Tessa was looking at me suspiciously now. There was a small smile on her face she wasn't quite hiding.

"Nothing," she said.

I pulled up half a block from the restaurant. The closest spot I could find on King Street on a weeknight. I parallel parked. Cut the engine.

We got out. I came around the front of the truck and met her at the curb. The evening was warm, the sky still light. She fell in beside me, and we walked.

We walked the half block in silence—not the bad kind, not even the awkward kind. The kind where two people had just said something neither was planning to say and were waiting to find out what came next.

The restaurant was on the corner. The sign was small. The light through the window was warm and gold.

I held the door for her. The bell above it rang. She stepped inside, and the gold light caught her hair as she went past me.

I followed her in.

A waiter showed us to a table by the window.

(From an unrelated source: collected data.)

(* Let $(u_k)_{k\ge1}$ be defined by $u_k=k$ for $k\in\{1,2,3\}$ and $u_k=2u_{k-2}$ for $k\ge4$. For $k\ge1$, let $\omega_k$ be the largest integer such that every error $\mathbf{e}\in\mathbb{F}_2^{E_k}$ of Hamming weight at most $\omega_k$ is decoded correctly by the renormalisation decoder on $\mathbf{T}_k$. Then $\omega_k\le u_k-1$ for all $k\ge1$.
   Context: Toric code and decoding. Fix $k\ge1$. Let $\mathbf{T}_k=(V_k,E_k)$ be the Cayley graph of $\mathbb{Z}/2^k\mathbb{Z}\times\mathbb{Z}/2^k\mathbb{Z}$ with generators $(\pm1,0),(0,\pm1)$. An error is $\mathbf{e}\in\mathbb{F}_2^{E_k}$; its syndrome $\sigma(\mathbf{e})$ is the set of vertices incident to an odd number of edges of $\mathbf{e}$. The decoder outputs $\hat{\mathbf{e}}$ with $\sigma(\hat{\mathbf{e}})=\sigma(\mathbf{e})$; $\mathbf{e}$ is decoded correctly if $\mathbf{e}+\hat{\mathbf{e}}$ is a sum (mod 2) of faces (unit 4-cycles) of $\mathbf{T}_k$. Subtilings. For $0\le i\le k$ let $h_i=2^{k-i}$, $V_i$ the subgroup generated by $(h_i,0),(0,h_i)$, and $\mathbf{T}_i$ the graph on $V_i$ joining vertices differing by $\pm h_i$ in exactly one coordinate; an edge of $\mathbf{T}_i$ is identified with the straight path of length $h_i$ in $\mathbf{T}_k$, and flipping it means adding that path mod 2. For $i\ge1$, a cell of $\mathbf{T}_i$ is a face with vertices $\alpha=(x,y)$ (top-left), $\beta=(x+h_i,y)$, $\gamma=(x,y-h_i)$, $\delta=(x+h_i,y-h_i)$ and edges $t=\alpha\beta$, $b=\gamma\delta$, $l=\alpha\gamma$, $r=\beta\delta$; a block of $\mathbf{T}_i$ is a square of side $2h_i$ with top-left corner in $V_{i-1}$, made of cells $A$ (top-left), $B$ (top-right), $C$ (bottom-left), $D$ (bottom-right). Reduction procedure on $\mathbf{T}_i$ (input $S\subseteq V_i$, output $\hat{\mathbf{e}}_i$ initially $0$; in each step tests use $S$ as at the start of the step, all blocks simultaneously). Step 1: in the $D$ cell of each block, if $\alpha,\delta\in S$ flip $l,b$; if $\beta,\gamma\in S$ flip $b,r$ (if all four are in $S$ only $l,r$ are flipped); remove paired vertices from $S$. Step 2: in the $C$ cell of each block, if $\alpha,\gamma\in S$ flip $l$, if $\beta,\delta\in S$ flip $r$; in the $B$ cell of each block, if $\alpha,\beta\in S$ flip $t$, if $\gamma,\delta\in S$ flip $b$; remove paired vertices. Step 3: in the $A$ cell of each block, if $\beta\in S$ flip $t$, if $\gamma\in S$ flip $l$, if $\delta\in S$ flip $l$ and $b$. Renormalisation decoder: $\hat{\mathbf{e}}=0$, $S=\sigma(\mathbf{e})$, $i=k$; while $S\ne\emptyset$ and $i>0$: run the reduction procedure on $\mathbf{T}_i$ to get $\hat{\mathbf{e}}_i$; $\hat{\mathbf{e}}\gets\hat{\mathbf{e}}+\hat{\mathbf{e}}_i$; $S\gets S\triangle\sigma(\hat{\mathbf{e}}_i)$; $i\gets i-1$. Output $\hat{\mathbf{e}}$. *)

theory Defs
  imports Main
begin
lemma mem_avoiding_cases:
  assumes "{p, q} \<in> F" "p \<noteq> q" "B \<in> F" "B \<noteq> {}" "p \<notin> B"
  obtains "B = {q}" | r where "B = {q, r}" "r \<noteq> p" "r \<noteq> q"
  using assms(3)
proof (cases rule: mem_cases)
  case (2 a)
  then have "a = q" using singleton_mem_doubleton[of a p q] assms by auto
  then show thesis using that(1) 2 by simp
next
  case (3 a b)
  then have "q \<in> {a, b}" using doubletons_intersect[of a b p q] assms by auto
  then show thesis using that(2)[of a] that(2)[of b] 3 assms by (auto simp: insert_commute)
qed (use assms in simp)

lemma square_or_triangle_if_no_common_point:
  assumes pq: "{p, q} \<in> F" "p \<noteq> q"
    and no_common_point: "\<nexists>r. \<forall>A\<in>F. A \<noteq> {} \<longrightarrow> r \<in> A"
  shows "(\<exists>i j. i \<noteq> j \<and> F = {{}, {i}, {j}, {i, j}})
    \<or> (\<exists>i j k. i \<noteq> j \<and> j \<noteq> k \<and> i \<noteq> k \<and> F = {{}, {i, j}, {j, k}, {i, k}})"
proof -
  obtain B1 B2 where B1: "B1 \<in> F" "B1 \<noteq> {}" "p \<notin> B1"
    and B2: "B2 \<in> F" "B2 \<noteq> {}" "q \<notin> B2"
    using no_common_point by blast
  have qp: "{q, p} \<in> F" "q \<noteq> p"
    using pq by (simp_all add: insert_commute)
  show ?thesis
  proof (cases rule: mem_avoiding_cases[OF pq B1])
    case 1
    then show ?thesis
    proof (cases rule: mem_avoiding_cases[OF qp B2])
      case 1
      then have "F = {{}, {q}, {p}, {q, p}}"
        using eq_square \<open>B1 = {q}\<close> B1 B2 qp by simp
      then show ?thesis using qp by blast
    next
      case (2 s)
      then show ?thesis
        using singleton_mem_doubleton[of q p s] \<open>B1 = {q}\<close> B1 B2 qp by auto
    qed
  next
    case (2 r)
    note r = this
    show ?thesis
    proof (cases rule: mem_avoiding_cases[OF qp B2])
      case 1
      then show ?thesis using singleton_mem_doubleton[of p q r] r B1 B2 pq by auto
    next
      case (2 s)
      then have "r = s" using doubletons_intersect[of q r p s] r B1 B2 pq by auto
      then have "{q, r} \<in> F" "{p, r} \<in> F" using r 2 B1 B2 by auto
      then have "F = {{}, {p, q}, {q, r}, {p, r}}" using eq_triangle pq r by simp
      then show ?thesis using pq r by (intro disjI2 exI[of _ p] exI[of _ q] exI[of _ r]) simp
    qed
  qed
qed

lemma center_or_square_or_triangle:
  "(\<exists>C \<subseteq> \<Union>F. \<forall>A\<in>F. card (sym_diff A C) \<le> 1)
   \<or> (\<exists>i j. i \<noteq> j \<and> F = {{}, {i}, {j}, {i, j}})
   \<or> (\<exists>i j k. i \<noteq> j \<and> j \<noteq> k \<and> i \<noteq> k \<and> F = {{}, {i, j}, {j, k}, {i, k}})"
proof (cases "\<forall>A\<in>F. card A \<le> 1")
  case True
  then have "\<forall>A\<in>F. card (sym_diff A {}) \<le> 1" by simp
  then show ?thesis by blast
next
  case False
  then obtain B where B: "B \<in> F" "card B > 1" by auto
  from B(1) obtain p q where pq: "{p, q} \<in> F" "p \<noteq> q"
  proof (cases rule: mem_cases)
    case (3 a b)
    then show thesis using that B by blast
  qed (use B in auto)
  show ?thesis
  proof (cases "\<exists>r. \<forall>A\<in>F. A \<noteq> {} \<longrightarrow> r \<in> A")
    case True
    then obtain r where r: "\<forall>A\<in>F. A \<noteq> {} \<longrightarrow> r \<in> A" by blast
    then have "r \<in> \<Union>F"
      using pq(1) by (metis UnionI insert_not_empty)
    have "card (sym_diff A {r}) \<le> 1" if "A \<in> F" for A
    proof -
      have "A \<noteq> {} \<longrightarrow> r \<in> A" using that r by blast
      with that show ?thesis by (cases rule: mem_cases) (auto simp: insert_Diff_if)
    qed
    then show ?thesis using \<open>r \<in> \<Union>F\<close> by (intro disjI1 exI[of _ "{r}"]) auto
  next
    case False
    from square_or_triangle_if_no_common_point[OF pq False] show ?thesis by (rule disjI2)
  qed
qed

end

definition diff_coords :: "bool list \<Rightarrow> bool list \<Rightarrow> nat set" where
  "diff_coords x y = {i. i < length x \<and> x ! i \<noteq> y ! i}"

definition flip_coords :: "bool list \<Rightarrow> nat set \<Rightarrow> bool list" where
  "flip_coords x A = map (\<lambda>i. if i \<in> A then \<not> x ! i else x ! i) [0..<length x]"

lemma hdist_eq_card_diff_coords: "hdist x y = card (diff_coords x y)"
  by (simp add: hdist_def diff_coords_def)

lemma finite_diff_coords [simp]: "finite (diff_coords x y)"
  by (simp add: diff_coords_def)

lemma diff_coords_subset: "diff_coords x y \<subseteq> {..<length x}"
  by (auto simp: diff_coords_def)

lemma length_flip_coords [simp]: "length (flip_coords x A) = length x"
  by (simp add: flip_coords_def)

lemma diff_coords_flip_coords: "diff_coords x (flip_coords x A) = A \<inter> {..<length x}"
  by (auto simp: diff_coords_def flip_coords_def)

lemma flip_coords_diff_coords: "length y = length x \<Longrightarrow> flip_coords x (diff_coords x y) = y"
  by (auto simp: diff_coords_def flip_coords_def intro!: nth_equalityI)

lemma diff_coords_eq_sym_diff:
  "length y = length x \<Longrightarrow> length z = length x \<Longrightarrow>
   diff_coords y z = sym_diff (diff_coords x y) (diff_coords x z)"
  by (auto simp: diff_coords_def)

lemma hdist_flip_coords:
  assumes "A \<subseteq> {..<length x}" "B \<subseteq> {..<length x}"
  shows "hdist (flip_coords x A) (flip_coords x B) = card (sym_diff A B)"
  using diff_coords_eq_sym_diff[of "flip_coords x A" x "flip_coords x B"] assms
  by (simp add: hdist_eq_card_diff_coords diff_coords_flip_coords Int_absorb2)

lemma inj_on_flip_coords: "inj_on (flip_coords x) (Pow {..<length x})"
  by (rule inj_onI) (metis PowD diff_coords_flip_coords Int_absorb2)

lemma hdist_eq_0_iff: "length x = length y \<Longrightarrow> hdist x y = 0 \<longleftrightarrow> x = y"
  by (auto simp: hdist_eq_card_diff_coords diff_coords_def intro!: nth_equalityI)

lemma mem_hc_closed_nbhd_iff:
  assumes "v \<in> hc_verts n"
  shows "u \<in> hc_closed_nbhd n v \<longleftrightarrow> u \<in> hc_verts n \<and> hdist u v \<le> 1"
  using assms hdist_eq_0_iff[of u v]
  by (auto simp: hc_closed_nbhd_def hc_adj_def hc_verts_def hdist_def le_Suc_eq)

lemma hdist_replicate_False: "hdist x (replicate (length x) False) = length (filter id x)"
  unfolding hdist_def length_filter_conv_card by (rule arg_cong[where f = card]) auto

lemma Q3_part_True:
  "Q3_part True = {[False, False, False], [True, True, False], [False, True, True], [True, False, True]}"
proof -
  have "x \<in> Q3_part True \<longleftrightarrow> x \<in> {[False, False, False], [True, True, False], [False, True, True], [True, False, True]}"
    for x
  proof (cases "length x = 3")
    case True
    then have "hdist x (replicate 3 False) = length (filter id x)"
      using hdist_replicate_False[of x] by simp
    moreover obtain a b c where "x = [a, b, c]"
      using True by (auto simp: numeral_3_eq_3 length_Suc_conv)
    ultimately show ?thesis
      by (cases a; cases b; cases c) (simp_all add: Q3_part_def hc_verts_def)
  qed (auto simp: Q3_part_def hc_verts_def)
  then show ?thesis by blast
qed

text \<open>The subcube of Q_n through x spanned by the coordinates g 0, ..., g (m - 1),
  parametrised by Q_m.\<close>
definition subcube_map :: "bool list \<Rightarrow> (nat \<Rightarrow> nat) \<Rightarrow> bool list \<Rightarrow> bool list" where
  "subcube_map x g y = flip_coords x (g ` diff_coords (replicate (length y) False) y)"

lemma hdist_subcube_map:
  assumes g: "inj_on g {..<m}" "g ` {..<m} \<subseteq> {..<length x}" and "length y = m" "length z = m"
  shows "hdist (subcube_map x g y) (subcube_map x g z) = hdist y z"
proof -
  let ?o = "replicate m False"
  let ?Y = "diff_coords ?o y" and ?Z = "diff_coords ?o z"
  have YZ: "?Y \<subseteq> {..<m}" "?Z \<subseteq> {..<m}"
    using diff_coords_subset[of ?o] by auto
  then have "g ` ?Y \<subseteq> {..<length x}" "g ` ?Z \<subseteq> {..<length x}"
    using g(2) by blast+
  then have "hdist (subcube_map x g y) (subcube_map x g z) = card (sym_diff (g ` ?Y) (g ` ?Z))"
    using assms by (simp add: subcube_map_def hdist_flip_coords)
  also have "sym_diff (g ` ?Y) (g ` ?Z) = g ` sym_diff ?Y ?Z"
  proof -
    have "g ` (?Y - ?Z) = g ` ?Y - g ` ?Z" "g ` (?Z - ?Y) = g ` ?Z - g ` ?Y"
      using YZ by (auto intro!: inj_on_image_set_diff[OF g(1)])
    then show ?thesis by (simp add: image_Un)
  qed
  also have "card \<dots> = card (sym_diff ?Y ?Z)"
    using YZ by (intro card_image inj_on_subset[OF g(1)]) auto
  also have "\<dots> = hdist y z"
    using assms diff_coords_eq_sym_diff[of y ?o z] by (simp add: hdist_eq_card_diff_coords)
  finally show ?thesis .
qed

lemma hc_Q3_embedding_if_isometric:
  assumes "f ` hc_verts 3 \<subseteq> hc_verts n"
    and "\<And>y z. y \<in> hc_verts 3 \<Longrightarrow> z \<in> hc_verts 3 \<Longrightarrow> hdist (f y) (f z) = hdist y z"
  shows "hc_Q3_embedding n f"
  unfolding hc_Q3_embedding_def
proof (intro conjI ballI impI inj_onI)
  fix y z assume yz: "y \<in> hc_verts 3" "z \<in> hc_verts 3" and "f y = f z"
  then have "hdist y z = 0"
    using assms(2)[OF yz] hdist_eq_0_iff[of "f z" "f z"] by simp
  then show "y = z"
    using yz hdist_eq_0_iff[of y z] by (simp add: hc_verts_def)
qed (use assms in \<open>auto simp: hc_adj_def\<close>)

It was a small place. Twelve tables. Brick walls, tin ceiling, candles on the tables in glass holders—the small kind that didn't do much for light but did something for the way it landed on a person's face. The waiter handed us each a menu and went away.

I opened mine.

I looked at her over the top of it.

Her hair was down. The honey at her roots caught the candlelight. She was reading the menu the way she read everything—fast, focused, her finger tracking the lines. She didn't know I was looking at her.

"What are you getting?" she said, without looking up.

"Steak."

"I'm thinking shrimp pasta. Or—there's a seafood tower."

"That sounds suspicious."

"Why?"

"Anything called a tower at a restaurant is going to be a quarter of what it ought to be."